Segment Start: EXERCISE DATA

(* Let $E$ be an imaginary quadratic field with $\mathrm{Emb}(\mathfrak{o}_E,\mathcal{O})\neq\emptyset$ and $\Delta_E\equiv 1\pmod 4$, and let $a_1,\dots,a_{h_E}$ be as in the context. Then $\varphi(\mathcal{T}(a_j))\equiv 1\pmod 2$ for every $1\le j\le h_E$, and \[\sum_{j=1}^{h_E}\varphi(\mathcal{T}(a_j))\equiv h_E\pmod 2.\]
   Context: $D$ is the $\mathbb{Q}$-algebra with basis $1,i,j,ij$, $i^2=j^2=-1$, $ij=-ji$ (definite, discriminant $2$), with reduced norm $\mathrm{Nm}$ and trace $\mathrm{Tr}$; $\mathcal{O}=\mathbb{Z}+\mathbb{Z}i+\mathbb{Z}j+\mathbb{Z}w$, $w=(1+i+j+ij)/2$ (Hurwitz order, class number one). $G=D^\times/\mathbb{Q}^\times$, $K_p$ image of $\mathcal{O}_p^\times$ in $G_p$, $K_f=\prod_pK_p$, $\Gamma$ image of $\mathcal{O}^\times$. $V_D$ = trace-zero elements, $L(\mathcal{O})=\{x\in\mathbb{Z}+2\mathcal{O}:\mathrm{Tr}x=0\}$, with $\mathbb{Z}$-basis $\mathbf b_1=-i+j+ij$, $\mathbf b_2=i-j+ij$, $\mathbf b_3=i+j-ij$; $\mathcal{T}(a_1\mathbf b_1+a_2\mathbf b_2+a_3\mathbf b_3)=(a_1,a_2,a_3)$. $\varphi(x)=x_1^3+x_2^3+x_3^3-x_1^2x_2-x_1^2x_3-x_2^2x_1-x_2^2x_3-x_3^2x_1-x_3^2x_2+2x_1x_2x_3$. $\mathrm{Emb}(\mathfrak{o}_E,\mathcal{O})$: embeddings $\iota:E\hookrightarrow D$ with $\iota(E)\cap\mathcal{O}\cong\mathfrak{o}_E$; $G$ acts by conjugation $(g\cdot\iota)(x)=g\iota(x)g^{-1}$. Fix $\iota_0\in\mathrm{Emb}(\mathfrak{o}_E,\mathcal{O})$, torus $T(R)=(\iota_0(E)\otimes R)^\times/R^\times$, $U=T(\mathbb{R})\prod_p\overline{\iota_0(\mathfrak{o}_{E,p}^\times)}$; $h_E=\#T(\mathbb{Q})\backslash T(\mathbb{A})/U$ is the class number. Choose $b_j\in T(\mathbb{A}_f)$ ($1\le j\le h_E$) with $T(\mathbb{A})=\bigsqcup_jT(\mathbb{Q})b_jU$ and write $b_j=\gamma_j(\gamma_j)_\infty^{-1}k_j$ with $\gamma_j\in G$, $\gamma_j^{-1}\cdot\iota_0\in\mathrm{Emb}(\mathfrak{o}_E,\mathcal{O})$, $k_j\in K_f$. Let $a_0\in\iota_0(E)\cap V_D$ with $\mathrm{Nm}(a_0)=-\Delta_E$ and $a_j=\gamma_j^{-1}a_0\gamma_j$; then $a_j\in L(\mathcal{O})$ and $\mathrm{Nm}(a_j)=-\Delta_E$. *)

theory Defs
  imports Complex_Main "HOL-Computational_Algebra.Squarefree" "HOL-Number_Theory.Cong"
begin

text \<open>The definite quaternion algebra D over Q of discriminant 2, with basis 1, i, j, ij,
  i^2 = j^2 = -1, ij = -ji.  An element is stored by its coordinates w.r.t. 1, i, j, ij.\<close>

datatype quat = Quat (re: rat) (ci: rat) (cj: rat) (ck: rat)

definition qadd :: "quat \<Rightarrow> quat \<Rightarrow> quat" where
  "qadd x y = Quat (re x + re y) (ci x + ci y) (cj x + cj y) (ck x + ck y)"

definition qsmult :: "rat \<Rightarrow> quat \<Rightarrow> quat" where
  "qsmult c x = Quat (c * re x) (c * ci x) (c * cj x) (c * ck x)"

definition qmult :: "quat \<Rightarrow> quat \<Rightarrow> quat" where
  "qmult x y = Quat
     (re x * re y - ci x * ci y - cj x * cj y - ck x * ck y)
     (re x * ci y + ci x * re y + cj x * ck y - ck x * cj y)
     (re x * cj y - ci x * ck y + cj x * re y + ck x * ci y)
     (re x * ck y + ci x * cj y - cj x * ci y + ck x * re y)"

definition qof_int :: "int \<Rightarrow> quat" where
  "qof_int n = Quat (of_int n) 0 0 0"

definition Nm :: "quat \<Rightarrow> rat" where
  "Nm x = (re x)^2 + (ci x)^2 + (cj x)^2 + (ck x)^2"

definition Tr :: "quat \<Rightarrow> rat" where
  "Tr x = 2 * re x"

definition hurwitz :: "quat set" where
  "hurwitz = {qadd (qadd (qof_int a) (qsmult (of_int b) (Quat 0 1 0 0)))
                   (qadd (qsmult (of_int c) (Quat 0 0 1 0))
                         (qsmult (of_int d) (Quat (1/2) (1/2) (1/2) (1/2)))) | a b c d. True}"

definition L_O :: "quat set" where
  "L_O = {x. (\<exists>n y. y \<in> hurwitz \<and> x = qadd (qof_int n) (qsmult 2 y)) \<and> Tr x = 0}"

definition bb1 :: quat where "bb1 = Quat 0 (-1) 1 1"
definition bb2 :: quat where "bb2 = Quat 0 1 (-1) 1"
definition bb3 :: quat where "bb3 = Quat 0 1 1 (-1)"

definition Tcoord :: "quat \<Rightarrow> int \<times> int \<times> int" where
  "Tcoord x = (THE t. x = qadd (qadd (qsmult (of_int (fst t)) bb1)
                                      (qsmult (of_int (fst (snd t))) bb2))
                                (qsmult (of_int (snd (snd t))) bb3))"

definition phi :: "int \<times> int \<times> int \<Rightarrow> int" where
  "phi t = (case t of (x1, x2, x3) \<Rightarrow>
     x1^3 + x2^3 + x3^3 - x1^2*x2 - x1^2*x3 - x2^2*x1 - x2^2*x3 - x3^2*x1 - x3^2*x2
     + 2*x1*x2*x3)"

end

theory Submission
  imports Defs
begin

text \<open>Writing \<open>x = a\<^sub>1 b\<^sub>1 + a\<^sub>2 b\<^sub>2 + a\<^sub>3 b\<^sub>3\<close>, the coordinates of \<open>x\<close> with respect to
  \<open>i, j, ij\<close> are \<open>s - 2a\<^sub>1, s - 2a\<^sub>2, s - 2a\<^sub>3\<close> with \<open>s = a\<^sub>1 + a\<^sub>2 + a\<^sub>3\<close>, so
  \<open>Nm x \<equiv> 3s \<equiv> s (mod 2)\<close>.  On the other hand \<open>\<phi>(a) \<equiv> s (mod 2)\<close>, because
  \<open>t\<^sup>3 \<equiv> t\<close> and the mixed terms pair up to \<open>a\<^sub>ia\<^sub>k(a\<^sub>i + a\<^sub>k)\<close>, which is even.  Hence
  \<open>Nm x = -\<Delta>\<close> odd forces \<open>\<phi>(\<T>(x))\<close> to be odd, and a sum of \<open>h\<close> odd numbers is
  congruent to \<open>h\<close>.\<close>

definition bb_comb :: "int \<Rightarrow> int \<Rightarrow> int \<Rightarrow> quat" where
  "bb_comb a1 a2 a3 =
     qadd (qadd (qsmult (of_int a1) bb1) (qsmult (of_int a2) bb2)) (qsmult (of_int a3) bb3)"

lemma bb_comb_eq:
  "bb_comb a1 a2 a3 =
     Quat 0 (of_int (- a1 + a2 + a3)) (of_int (a1 - a2 + a3)) (of_int (a1 + a2 - a3))"
  by (simp add: bb_comb_def qadd_def qsmult_def bb1_def bb2_def bb3_def algebra_simps)

lemma bb_comb_inject: "bb_comb a1 a2 a3 = bb_comb b1 b2 b3 \<longleftrightarrow> (a1, a2, a3) = (b1, b2, b3)"
proof
  assume "bb_comb a1 a2 a3 = bb_comb b1 b2 b3"
  then have "- a1 + a2 + a3 = - b1 + b2 + b3" "a1 - a2 + a3 = b1 - b2 + b3"
    "a1 + a2 - a3 = b1 + b2 - b3"
    unfolding bb_comb_eq by (simp_all only: quat.inject of_int_eq_iff)
  then show "(a1, a2, a3) = (b1, b2, b3)" by simp
qed simp

lemma Tcoord_bb_comb: "Tcoord (bb_comb a1 a2 a3) = (a1, a2, a3)"
  unfolding Tcoord_def bb_comb_def[symmetric]
  by (rule the_equality) (auto simp: bb_comb_inject)

lemma L_O_imp_bb_comb:
  assumes "x \<in> L_O"
  obtains a1 a2 a3 where "x = bb_comb a1 a2 a3"
proof -
  obtain n y where y: "y \<in> hurwitz" "x = qadd (qof_int n) (qsmult 2 y)" and tr: "Tr x = 0"
    using assms unfolding L_O_def by blast
  obtain a b c d where
    "y = qadd (qadd (qof_int a) (qsmult (of_int b) (Quat 0 1 0 0)))
           (qadd (qsmult (of_int c) (Quat 0 0 1 0))
                 (qsmult (of_int d) (Quat (1/2) (1/2) (1/2) (1/2))))"
    using y(1) unfolding hurwitz_def by blast
  with y(2) tr have "x = bb_comb (c + d) (b + d) (b + c + d)"
    by (simp add: bb_comb_eq Tr_def qadd_def qsmult_def qof_int_def algebra_simps)
  then show thesis by (rule that)
qed

lemma Nm_bb_comb:
  "Nm (bb_comb a1 a2 a3) =
     of_int ((- a1 + a2 + a3)\<^sup>2 + (a1 - a2 + a3)\<^sup>2 + (a1 + a2 - a3)\<^sup>2)"
  by (simp add: bb_comb_eq Nm_def)

lemma even_sum_squares_iff:
  fixes a1 a2 a3 :: int
  shows "even ((- a1 + a2 + a3)\<^sup>2 + (a1 - a2 + a3)\<^sup>2 + (a1 + a2 - a3)\<^sup>2)
           \<longleftrightarrow> even (a1 + a2 + a3)"
  by auto

lemma even_phi_iff: "even (phi (a1, a2, a3)) \<longleftrightarrow> even (a1 + a2 + a3)"
  by (auto simp: phi_def)

lemma odd_phi_Tcoord:
  assumes "x \<in> L_O" and "Nm x = - of_int D" and "odd D"
  shows "odd (phi (Tcoord x))"
proof -
  obtain a1 a2 a3 where x: "x = bb_comb a1 a2 a3"
    using assms(1) by (rule L_O_imp_bb_comb)
  have "(- a1 + a2 + a3)\<^sup>2 + (a1 - a2 + a3)\<^sup>2 + (a1 + a2 - a3)\<^sup>2 = - D"
    using assms(2) unfolding x Nm_bb_comb by (simp only: of_int_minus[symmetric] of_int_eq_iff)
  with assms(3) have "odd ((- a1 + a2 + a3)\<^sup>2 + (a1 - a2 + a3)\<^sup>2 + (a1 + a2 - a3)\<^sup>2)"
    by (metis even_minus)
  then have "odd (a1 + a2 + a3)"
    using even_sum_squares_iff by blast
  then show ?thesis
    unfolding x Tcoord_bb_comb even_phi_iff .
qed

theorem lemma5p1:
  fixes \<Delta> :: int and h :: nat and a :: "nat \<Rightarrow> quat"
  assumes disc_neg: "\<Delta> < 0"
    and disc_sqfree: "squarefree \<Delta>"
    and disc_mod4: "\<Delta> mod 4 = 1"
    and h_pos: "h \<ge> 1"
    and a_L: "\<forall>j\<in>{1..h}. a j \<in> L_O"
    and a_Nm: "\<forall>j\<in>{1..h}. Nm (a j) = - of_int \<Delta>"
  shows "(\<forall>j\<in>{1..h}. [phi (Tcoord (a j)) = 1] (mod 2))
         \<and> [(\<Sum>j=1..h. phi (Tcoord (a j))) = int h] (mod 2)"
proof -
  have "odd \<Delta>"
    using disc_mod4 by presburger
  then have phi_odd: "[phi (Tcoord (a j)) = 1] (mod 2)" if "j \<in> {1..h}" for j
    using odd_phi_Tcoord a_L a_Nm that by (simp add: cong_def odd_iff_mod_2_eq_one)
  then have "[(\<Sum>j=1..h. phi (Tcoord (a j))) = (\<Sum>j=1..h. 1)] (mod 2)"
    by (rule cong_sum)
  with phi_odd show ?thesis
    by simp
qed

end
lemma ball_subset_midpoints_if_measure_ge:
  fixes A :: "real set"
  assumes A: "A \<in> sets lebesgue" and "0 < r"
    and dense: "r + 2 * \<delta> \<le> measure lebesgue (A \<inter> ball c r)"
  shows "ball c \<delta> \<subseteq> {(x + y) / 2 | x y. x \<in> A \<and> y \<in> A}"
proof
  fix z assume z: "z \<in> ball c \<delta>"
  show "z \<in> {(x + y) / 2 | x y. x \<in> A \<and> y \<in> A}"
  proof (rule ccontr)
    assume no_midpoint: "z \<notin> {(x + y) / 2 | x y. x \<in> A \<and> y \<in> A}"
    define A' where "A' = A \<inter> ball c r"
    define R where "R = (\<lambda>x. 2 * z - x) ` A'"
    have A': "A' \<in> lmeasurable"
      unfolding A'_def by (rule fmeasurableI2[OF lmeasurable_ball]) (use A in auto)
    have emeasure_R: "emeasure lebesgue R = emeasure lebesgue A'"
      unfolding R_def by (rule emeasure_lebesgue_reflection)
    then have measure_R: "measure lebesgue R = measure lebesgue A'"
      by (simp add: measure_def)
    have "R \<in> sets lebesgue"
      unfolding R_def using A' by (intro sets_lebesgue_reflection fmeasurableD)
    with A' emeasure_R have R: "R \<in> lmeasurable"
      by (metis fmeasurable_def mem_Collect_eq)
    have "x \<notin> A \<or> 2 * z - x \<notin> A" for x
    proof (rule ccontr)
      assume "\<not> (x \<notin> A \<or> 2 * z - x \<notin> A)"
      then have "z \<in> {(x + y) / 2 | x y. x \<in> A \<and> y \<in> A}"
        by (intro CollectI exI[of _ x] exI[of _ "2 * z - x"]) simp
      with no_midpoint show False ..
    qed
    then have "A' \<inter> R = {}"
      by (auto simp: A'_def R_def)
    then have "2 * measure lebesgue A' = measure lebesgue (A' \<union> R)"
      using measure_Un3[OF A' R] measure_R by simp
    also have "\<dots> \<le> measure lebesgue (ball c (r + 2 * dist z c))"
    proof (rule measure_mono_fmeasurable)
      have "2 * z - x \<in> ball c (r + 2 * dist z c)" if "x \<in> ball c r" for x
        using that unfolding mem_ball dist_real_def by (smt (verit))
      moreover have "ball c r \<subseteq> ball c (r + 2 * dist z c)"
        by (simp add: subset_ball)
      ultimately show "A' \<union> R \<subseteq> ball c (r + 2 * dist z c)"
        by (auto simp: A'_def R_def)
    qed (use A' R in \<open>simp_all add: fmeasurableD\<close>)
    also have "\<dots> = 2 * r + 4 * dist z c"
      using \<open>0 < r\<close> measure_lebesgue_ball_real[of "r + 2 * dist z c" c] by simp
    finally have "2 * measure lebesgue A' \<le> 2 * r + 4 * dist z c" .
    moreover have "dist z c < \<delta>"
      using z by (simp add: dist_commute)
    ultimately show False
      using dense unfolding A'_def by linarith
  qed
qed

lemma exists_ball_subset_midpoints:
  fixes A :: "real set"
  assumes "A \<in> lmeasurable" and "0 < measure lebesgue A"
  shows "\<exists>c \<delta>. 0 < \<delta> \<and> ball c \<delta> \<subseteq> {(x + y) / 2 | x y. x \<in> A \<and> y \<in> A}"
proof -
  obtain c r where "0 < r" and dense: "3/4 * measure lebesgue (ball c r) < measure lebesgue (A \<inter> ball c r)"
    using exists_ball_measure_Int_gt[OF assms, of "3/4"] by auto
  moreover have "measure lebesgue (ball c r) = 2 * r"
    using \<open>0 < r\<close> by (intro measure_lebesgue_ball_real) simp
  ultimately have "r + 2 * (r / 4) \<le> measure lebesgue (A \<inter> ball c r)"
    by simp
  then show ?thesis
    using ball_subset_midpoints_if_measure_ge[OF fmeasurableD[OF assms(1)] \<open>0 < r\<close>] \<open>0 < r\<close>
    by (intro exI[of _ c] exI[of _ "r / 4"]) simp
qed

theorem theorem3p4:
  fixes h f :: "real \<Rightarrow> real" and a b :: real and M :: "real set"
  assumes h_nonneg: "\<And>t. h t \<ge> 0"
    and h_supermult: "super_multiplicative h"
    and h_ge: "\<And>t. h t \<ge> t"
    and h_one: "h 1 = 1"
    and f_hmid: "h_mid_convex h {a<..<b} f"
    and M_sub: "M \<subseteq> {a<..<b}"
    and M_meas: "M \<in> sets lebesgue"
    and M_pos: "emeasure lebesgue M > 0"
    and f_bdd: "\<exists>K. \<forall>x\<in>M. f x \<le> K"
  shows "continuous_on {a<..<b} f"
proof -
  have f: "midpoint_convex_on {a<..<b} f"
    using f_hmid super_multiplicative_half_eq[OF h_supermult h_ge h_one]
    by (simp add: h_mid_convex_iff_midpoint_convex_on)
  have M: "M \<in> lmeasurable"
    using M_sub M_meas by (intro bounded_set_imp_lmeasurable bounded_subset[OF bounded_Ioo])
  then have "0 < measure lebesgue M"
    using M_pos by (simp add: emeasure_eq_measure2)
  then obtain c \<delta> where "0 < \<delta>"
    and midpoints: "ball c \<delta> \<subseteq> {(x + y) / 2 | x y. x \<in> M \<and> y \<in> M}"
    using exists_ball_subset_midpoints[OF M] by blast
  obtain K where K: "\<And>x. x \<in> M \<Longrightarrow> f x \<le> K"
    using f_bdd by blast
  have "ball c \<delta> \<subseteq> {a<..<b}" and "\<And>u. u \<in> ball c \<delta> \<Longrightarrow> f u \<le> K"
    using midpoint_convex_on_le_at_midpoints[OF f convex_real_interval(8) M_sub K] midpoints by blast+
  then show ?thesis
    using midpoint_convex_on_continuous_on[OF f convex_real_interval(8) open_greaterThanLessThan]
      \<open>0 < \<delta>\<close> by blast
qed

end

Segment End: EXERCISE DATA

In the records, which lines use the word "notin"? Report them.

EXERCISE OUTPUT:
    assume no_midpoint: "z \<notin> {(x + y) / 2 | x y. x \<in> A \<and> y \<in> A}"
    have "x \<notin> A \<or> 2 * z - x \<notin> A" for x
      assume "\<not> (x \<notin> A \<or> 2 * z - x \<notin> A)"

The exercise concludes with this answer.